In this subsection, we extend our NLTSVM to the nonlinear case using kernel trick. We consider the following kernel based surfaces instead of hyperplanes:

$$\begin{aligned} K(x^t,C^t)w_1+b_1=0 \quad \text{and}\quad K(x^t,C^t)w_2+b_2=0, \end{aligned}$$
(12)

where \(C^t=[A\;B]^t\) and K is appropriately chosen kernel.
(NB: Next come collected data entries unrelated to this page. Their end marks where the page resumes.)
(* Consider the multirate closed loop described in the context, with high-rate LTI plant $P_h$, low-rate LTI controller $K_l$, downsampler $\mathcal{S}_d$ and multirate zero-order-hold $\mathcal{H}_u$ (downsampling/upsampling factor $F\in\mathbb{N}$), and the LPTV closed-loop operators $$J_{LPTV}=\left(I+P_h\mathcal{H}_uK_l\mathcal{S}_d\right)^{-1}P_h,\qquad S_{LPTV}=\left(I+\mathcal{H}_uK_l\mathcal{S}_d P_h\right)^{-1},$$ so that $y_h=J_{LPTV}r_h$ and $u_h=S_{LPTV}r_h$. Let $\underline{J}=\mathcal{L}J_{LPTV}\mathcal{L}^{-1}$, $\underline{S}=\mathcal{L}S_{LPTV}\mathcal{L}^{-1}$, $\underline{P}=\mathcal{L}P_h\mathcal{L}^{-1}$ be the time-lifted representations and $\tilde{J}(z)=M(z)\underline{J}(z^F)M^{-1}(z)$, $\tilde{S}(z)=M(z)\underline{S}(z^F)M^{-1}(z)$, $\tilde{P}(z)=M(z)\underline{P}(z^F)M^{-1}(z)$ the frequency-lifted representations. Then $$\underline{P}=\underline{J}\,\underline{S}^{-1},\qquad \tilde{P}=\tilde{J}\,\tilde{S}^{-1}.$$
   Context: All systems are discrete-time. The plant $P_h$ is a linear time-invariant (LTI) system operating at the high sampling rate with sampling time $h_h$; the controller $K_l$ is an LTI system operating at the low rate with sampling time $h_l=Fh_h$, $F\in\mathbb{N}$. The downsampler $\mathcal{S}_d$ maps a high-rate signal $\nu_h$ to the low-rate signal $\nu_l[l]=\nu_h[lF]$; the multirate zero-order-hold $\mathcal{H}_u$ maps a low-rate signal $\nu_l$ to the high-rate signal $\nu_h[t]=\nu_l[\lfloor t/F\rfloor]$. The closed loop is assumed well posed, so the inverses in $J_{LPTV}$ and $S_{LPTV}$ exist. The resulting operators are linear periodically time-varying (LPTV) with period $F$. The time-lifting operator $\mathcal{L}$ maps a signal $\nu_h[t]\in\mathbb{R}^{n}$ to $\underline{\nu}[l]=\begin{bmatrix}\nu_h^\top[lF] & \nu_h^\top[lF+1] & \cdots & \nu_h^\top[lF+F-1]\end{bmatrix}^\top\in\mathbb{R}^{Fn}$; it is invertible, and for an $F$-periodic LPTV operator $G$, $\mathcal{L}G\mathcal{L}^{-1}$ is LTI. With $z=e^{j\omega}$ and $\phi=e^{j2\pi/F}$, $M(z)$ is the $F\times F$ block matrix whose $(i,k)$ block ($i,k=0,\dots,F-1$) is $(z\phi^{i})^{-k}I$. *)

theory Defs
  imports Complex_Main
    "HOL-Computational_Algebra.Formal_Laurent_Series"
    "Jordan_Normal_Form.Matrix"
    "Jordan_Normal_Form.Gauss_Jordan_Elimination"
begin

text \<open>A discrete-time signal with values in R^n is a map from time (nat) to
  real vectors of dimension n (zero initial conditions, one-sided time axis).\<close>

type_synonym signal = "nat \<Rightarrow> real vec"

definition sigs :: "nat \<Rightarrow> signal set" where
  "sigs n = {v. \<forall>t. v t \<in> carrier_vec n}"

text \<open>A (causal) LTI system with n_in inputs and n_out outputs, given by its
  impulse response (Markov parameters) G k, a n_out x n_in matrix; it acts by
  convolution.\<close>

definition is_kernel :: "nat \<Rightarrow> nat \<Rightarrow> (nat \<Rightarrow> real mat) \<Rightarrow> bool" where
  "is_kernel n_out n_in G \<longleftrightarrow> (\<forall>k. G k \<in> carrier_mat n_out n_in)"

definition lti_op :: "nat \<Rightarrow> nat \<Rightarrow> (nat \<Rightarrow> real mat) \<Rightarrow> signal \<Rightarrow> signal" where
  "lti_op n_out n_in G v t =
     vec n_out (\<lambda>i. \<Sum>s\<le>t. \<Sum>j<n_in. G (t - s) $$ (i, j) * vec_index (v s) j)"

definition downsample :: "nat \<Rightarrow> signal \<Rightarrow> signal" where
  "downsample F v l = v (l * F)"

definition zoh :: "nat \<Rightarrow> signal \<Rightarrow> signal" where
  "zoh F v t = v (t div F)"

definition sig_add :: "signal \<Rightarrow> signal \<Rightarrow> signal" where
  "sig_add v w t = v t + w t"

text \<open>Plant P_h: m inputs, p outputs, kernel Pk (high rate).
  Controller K_l: p inputs, m outputs, kernel Kk (low rate).\<close>

definition loop_out :: "nat \<Rightarrow> nat \<Rightarrow> nat \<Rightarrow> (nat \<Rightarrow> real mat) \<Rightarrow> (nat \<Rightarrow> real mat)
    \<Rightarrow> signal \<Rightarrow> signal" where
  "loop_out F m p Pk Kk v =
     sig_add v (lti_op p m Pk (zoh F (lti_op m p Kk (downsample F v))))"
  \<comment> \<open>I + P_h H_u K_l S_d (acting on output signals, dimension p)\<close>

definition loop_in :: "nat \<Rightarrow> nat \<Rightarrow> nat \<Rightarrow> (nat \<Rightarrow> real mat) \<Rightarrow> (nat \<Rightarrow> real mat)
    \<Rightarrow> signal \<Rightarrow> signal" where
  "loop_in F m p Pk Kk v =
     sig_add v (zoh F (lti_op m p Kk (downsample F (lti_op p m Pk v))))"
  \<comment> \<open>I + H_u K_l S_d P_h (acting on input signals, dimension m)\<close>

definition J_LPTV :: "nat \<Rightarrow> nat \<Rightarrow> nat \<Rightarrow> (nat \<Rightarrow> real mat) \<Rightarrow> (nat \<Rightarrow> real mat)
    \<Rightarrow> signal \<Rightarrow> signal" where
  "J_LPTV F m p Pk Kk = inv_into (sigs p) (loop_out F m p Pk Kk) \<circ> lti_op p m Pk"

definition S_LPTV :: "nat \<Rightarrow> nat \<Rightarrow> nat \<Rightarrow> (nat \<Rightarrow> real mat) \<Rightarrow> (nat \<Rightarrow> real mat)
    \<Rightarrow> signal \<Rightarrow> signal" where
  "S_LPTV F m p Pk Kk = inv_into (sigs m) (loop_in F m p Pk Kk)"

text \<open>Lifting of an R^n-valued signal: block l collects samples lF, ..., lF+F-1;
  entry j*n + c of the lifted vector is component c of sample lF + j.\<close>

definition lift_sig :: "nat \<Rightarrow> nat \<Rightarrow> signal \<Rightarrow> signal" where
  "lift_sig n F v l = vec (F * n) (\<lambda>i. vec_index (v (l * F + i div n)) (i mod n))"

definition unlift_sig :: "nat \<Rightarrow> nat \<Rightarrow> signal \<Rightarrow> signal" where
  "unlift_sig n F w t = vec n (\<lambda>c. vec_index (w (t div F)) ((t mod F) * n + c))"

definition lift_op :: "nat \<Rightarrow> nat \<Rightarrow> nat \<Rightarrow> (signal \<Rightarrow> signal) \<Rightarrow> signal \<Rightarrow> signal" where
  "lift_op F n_in n_out G = (\<lambda>w. lift_sig n_out F (G (unlift_sig n_in F w)))"

text \<open>Transfer matrix of an (LTI) operator with n_in inputs and n_out outputs,
  as a matrix of formal power series in the variable z^{-1} (impulse response).\<close>

definition impulse :: "nat \<Rightarrow> nat \<Rightarrow> signal" where
  "impulse n j t = (if t = 0 then unit_vec n j else 0\<^sub>v n)"

definition tf :: "nat \<Rightarrow> nat \<Rightarrow> (signal \<Rightarrow> signal) \<Rightarrow> complex fps mat" where
  "tf n_in n_out G =
     mat n_out n_in (\<lambda>(i, j). Abs_fps (\<lambda>k. complex_of_real (vec_index (G (impulse n_in j) k) i)))"

text \<open>Transfer matrix evaluated at z^F, i.e. z^{-1} replaced by z^{-F}, viewed as
  formal Laurent series in z^{-1} (fls_X stands for z^{-1}).\<close>

definition tf_zF :: "nat \<Rightarrow> nat \<Rightarrow> nat \<Rightarrow> (signal \<Rightarrow> signal) \<Rightarrow> complex fls mat" where
  "tf_zF F n_in n_out G = map_mat (\<lambda>f. fps_to_fls (f oo fps_X ^ F)) (tf n_in n_out G)"

definition phi :: "nat \<Rightarrow> complex" where
  "phi F = cis (2 * pi / real F)"

text \<open>M(z): F x F block matrix with (i,k) block (z phi^i)^{-k} I_n = phi^{-ik} z^{-k} I_n.\<close>

definition Mz :: "nat \<Rightarrow> nat \<Rightarrow> complex fls mat" where
  "Mz F n = mat (F * n) (F * n) (\<lambda>(r, c).
     if r mod n = c mod n
     then fls_const (inverse (phi F) ^ ((r div n) * (c div n))) * fls_X ^ (c div n)
     else 0)"

definition freq_lift :: "nat \<Rightarrow> nat \<Rightarrow> nat \<Rightarrow> (signal \<Rightarrow> signal) \<Rightarrow> complex fls mat" where
  "freq_lift F n_in n_out Gl =
     Mz F n_out * tf_zF F (F * n_in) (F * n_out) Gl * the (mat_inverse (Mz F n_in))"

end

theory Submission
  imports Defs "Jordan_Normal_Form.Determinant"
begin

text \<open>
  The push-through identity \<open>P (I + H K S P) = (I + P H K S) P\<close> gives \<open>J = P S\<close> on signals,
  i.e. \<open>P = J S\<^sup>-\<^sup>1\<close>, and time lifting is conjugation by the bijection \<open>lift_sig\<close>, so the identity
  carries over to the lifted operators.
  After lifting, \<open>P\<^sub>h\<close> and \<open>H\<^sub>u K\<^sub>l S\<^sub>d\<close> are LTI with kernels \<open>B\<close> and \<open>A\<close>, so the
  transfer matrices satisfy \<open>T + A B T = I\<close> and \<open>J = B T\<close> for \<open>T = S(z\<^sup>F)\<close>; hence
  \<open>(I + A B) T = I\<close> and \<open>P = B = J T\<^sup>-\<^sup>1\<close>. Conjugation by \<open>M(z)\<close> preserves this; \<open>M(z)\<close> is
  inverted explicitly using the orthogonality of the \<open>F\<close>-th roots of unity.
\<close>

section \<open>Time lifting\<close>

lemma lti_op_in_sigs [simp]: "lti_op n_out n_in H v \<in> sigs n_out"
  by (simp add: sigs_def lti_op_def)

lemma lift_sig_in_sigs [simp]: "lift_sig n F v \<in> sigs (F * n)"
  by (simp add: sigs_def lift_sig_def)

lemma unlift_sig_in_sigs [simp]: "unlift_sig n F w \<in> sigs n"
  by (simp add: sigs_def unlift_sig_def)

lemma dim_vec_sigs: "v \<in> sigs n \<Longrightarrow> dim_vec (v t) = n"
  by (simp add: sigs_def)

lemma dim_vec_lift_sig [simp]: "dim_vec (lift_sig n F v l) = F * n"
  by (simp add: lift_sig_def)

lemma index_lift_sig:
  "i < F * n \<Longrightarrow> lift_sig n F v l $ i = v (l * F + i div n) $ (i mod n)"
  by (simp add: lift_sig_def)

lemma index_unlift_sig:
  "c < n \<Longrightarrow> unlift_sig n F w t $ c = w (t div F) $ (t mod F * n + c)"
  by (simp add: unlift_sig_def)

lemma dim_vec_lti_op [simp]: "dim_vec (lti_op n_out n_in H v t) = n_out"
  by (simp add: lti_op_def)

lemma lti_op_carrier [simp]: "lti_op n_out n_in H v t \<in> carrier_vec n_out"
  by (simp add: lti_op_def)

lemma index_lti_op:
  "i < n_out \<Longrightarrow> lti_op n_out n_in H v t $ i = (\<Sum>s\<le>t. \<Sum>j<n_in. H (t - s) $$ (i, j) * v s $ j)"
  by (simp add: lti_op_def)

lemma block_index_less:
  fixes b c n F :: nat
  assumes "c < n" "b < F"
  shows "b * n + c < F * n"
proof -
  have "b * n + c < Suc b * n" using assms by simp
  also have "\<dots> \<le> F * n" using assms by (intro mult_right_mono) auto
  finally show ?thesis .
qed

lemma div_less_of_less_mult: "(i :: nat) < F * n \<Longrightarrow> i div n < F"
  by (simp add: less_mult_imp_div_less mult.commute)

lemma sum_lessThan_mult_blocks:
  "(\<Sum>c<F * n. g c) = (\<Sum>b<F. \<Sum>j<n. g (b * n + j :: nat))"
proof -
  have "(\<Sum>c<F * n. g c) = (\<Sum>b<F. sum g {b * n..<b * n + n})"
    by (rule sum.nat_group[symmetric])
  also have "\<dots> = (\<Sum>b<F. \<Sum>j<n. g (b * n + j))"
    by (simp add: sum.atLeastLessThan_shift_0 atLeast0LessThan)
  finally show ?thesis .
qed

lemma unlift_sig_lift_sig:
  assumes F: "F > 0" and v: "v \<in> sigs n"
  shows "unlift_sig n F (lift_sig n F v) = v"
proof
  fix t
  show "unlift_sig n F (lift_sig n F v) t = v t"
  proof (rule eq_vecI)
    fix c assume "c < dim_vec (v t)"
    hence c: "c < n" using dim_vec_sigs[OF v] by simp
    have "t mod F * n + c < F * n" using c F by (intro block_index_less) auto
    thus "unlift_sig n F (lift_sig n F v) t $ c = v t $ c"
      using c by (simp add: index_unlift_sig index_lift_sig)
  qed (simp add: unlift_sig_def dim_vec_sigs[OF v])
qed

lemma lift_sig_unlift_sig:
  assumes F: "F > 0" and w: "w \<in> sigs (F * n)"
  shows "lift_sig n F (unlift_sig n F w) = w"
proof
  fix l
  show "lift_sig n F (unlift_sig n F w) l = w l"
  proof (rule eq_vecI)
    fix i assume "i < dim_vec (w l)"
    hence i: "i < F * n" using dim_vec_sigs[OF w] by simp
    hence "0 < n" by (cases n) auto
    with i div_less_of_less_mult[OF i]
    show "lift_sig n F (unlift_sig n F w) l $ i = w l $ i"
      by (simp add: index_unlift_sig index_lift_sig)
  qed (simp add: lift_sig_def dim_vec_sigs[OF w])
qed

lemma lift_op_cong:
  "(\<And>v. v \<in> sigs n_in \<Longrightarrow> G v = G' v) \<Longrightarrow> lift_op F n_in n_out G w = lift_op F n_in n_out G' w"
  by (simp add: lift_op_def)

lemma lift_op_in_sigs [simp]: "lift_op F n_in n_out G w \<in> sigs (F * n_out)"
  by (simp add: lift_op_def)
Similar to linear case, the optimization problem for our NLTSVM in the kernel feature space can be reformulated as

$$\begin{aligned}\begin{array}{ll} \mathop {\min }\limits_{(w_{1},b_1) \in R^{m+1}} & \frac{1}{2} \, \left\|K(A,C^t)w_1+e_2b_1 \right\| ^{2} +\frac{C_{1} }{2} \left\| \xi _{1}\right\| ^{2} +\frac{C _{3} }{2} \left\| \left[ \begin{array}{ll}{w_{1} } \\ {b_{1} } \end{array}\right] \right\| ^{2} \\ s.t.&-\left( K(B,C^t)w_1+e_1b_1 \right) +\xi _{1} \ge e_{1} , \end{array}\end{aligned}$$
(13)
$$\begin{aligned}\begin{array}{ll} \mathop {\min }\limits_{(w_{2},b_2) \in R^{m+1}} & \frac{1}{2} \, \left\|K(B,C^t)w_2+e_1b_2 \right\| ^{2} +\frac{C_{2} }{2} \left\| \xi _{2}\right\| ^{2} +\frac{C _{4} }{2} \left\| \left[ \begin{array}{ll}{w_{2} } \\ {b_{2} } \end{array}\right] \right\| ^{2} \\ s.t.&\left( K(A,C^t)w_2+e_2b_2 \right) +\xi _{2} \ge e_{2} .\end{array}\end{aligned}$$
(14)

where \(K(A,C^t)\) and \(K(B,C^t)\) are kernel matrices of sizes \(m_1\times m\) and \(m_2\times m\) respectively, where \(m=m_1 +m_2\). Similar to linear case, the nonparallel proximal hyper planes are obtained as

$$\begin{aligned} \left[\begin{array}{l} w_1\\b_1 \end{array}\right]=-(S^tS+C_3I)^{-1}R^tu_1 \quad \text{and}\quad \left[\begin{array}{l} w_2\\b_2 \end{array}\right]=(R^tR+C_4I)^{-1}S^tu_2, \end{aligned}$$
(15)

where \(S=[K(A,C^t)\;e_2]\) and \(R=[K(B,C^t) \;e_1].\)

3.3 Method of solution

In this subsection, we will discuss a fast and effective Newton algorithm for solving UMPs (9) and (10) by solving a system of linear equations in a finite number of times.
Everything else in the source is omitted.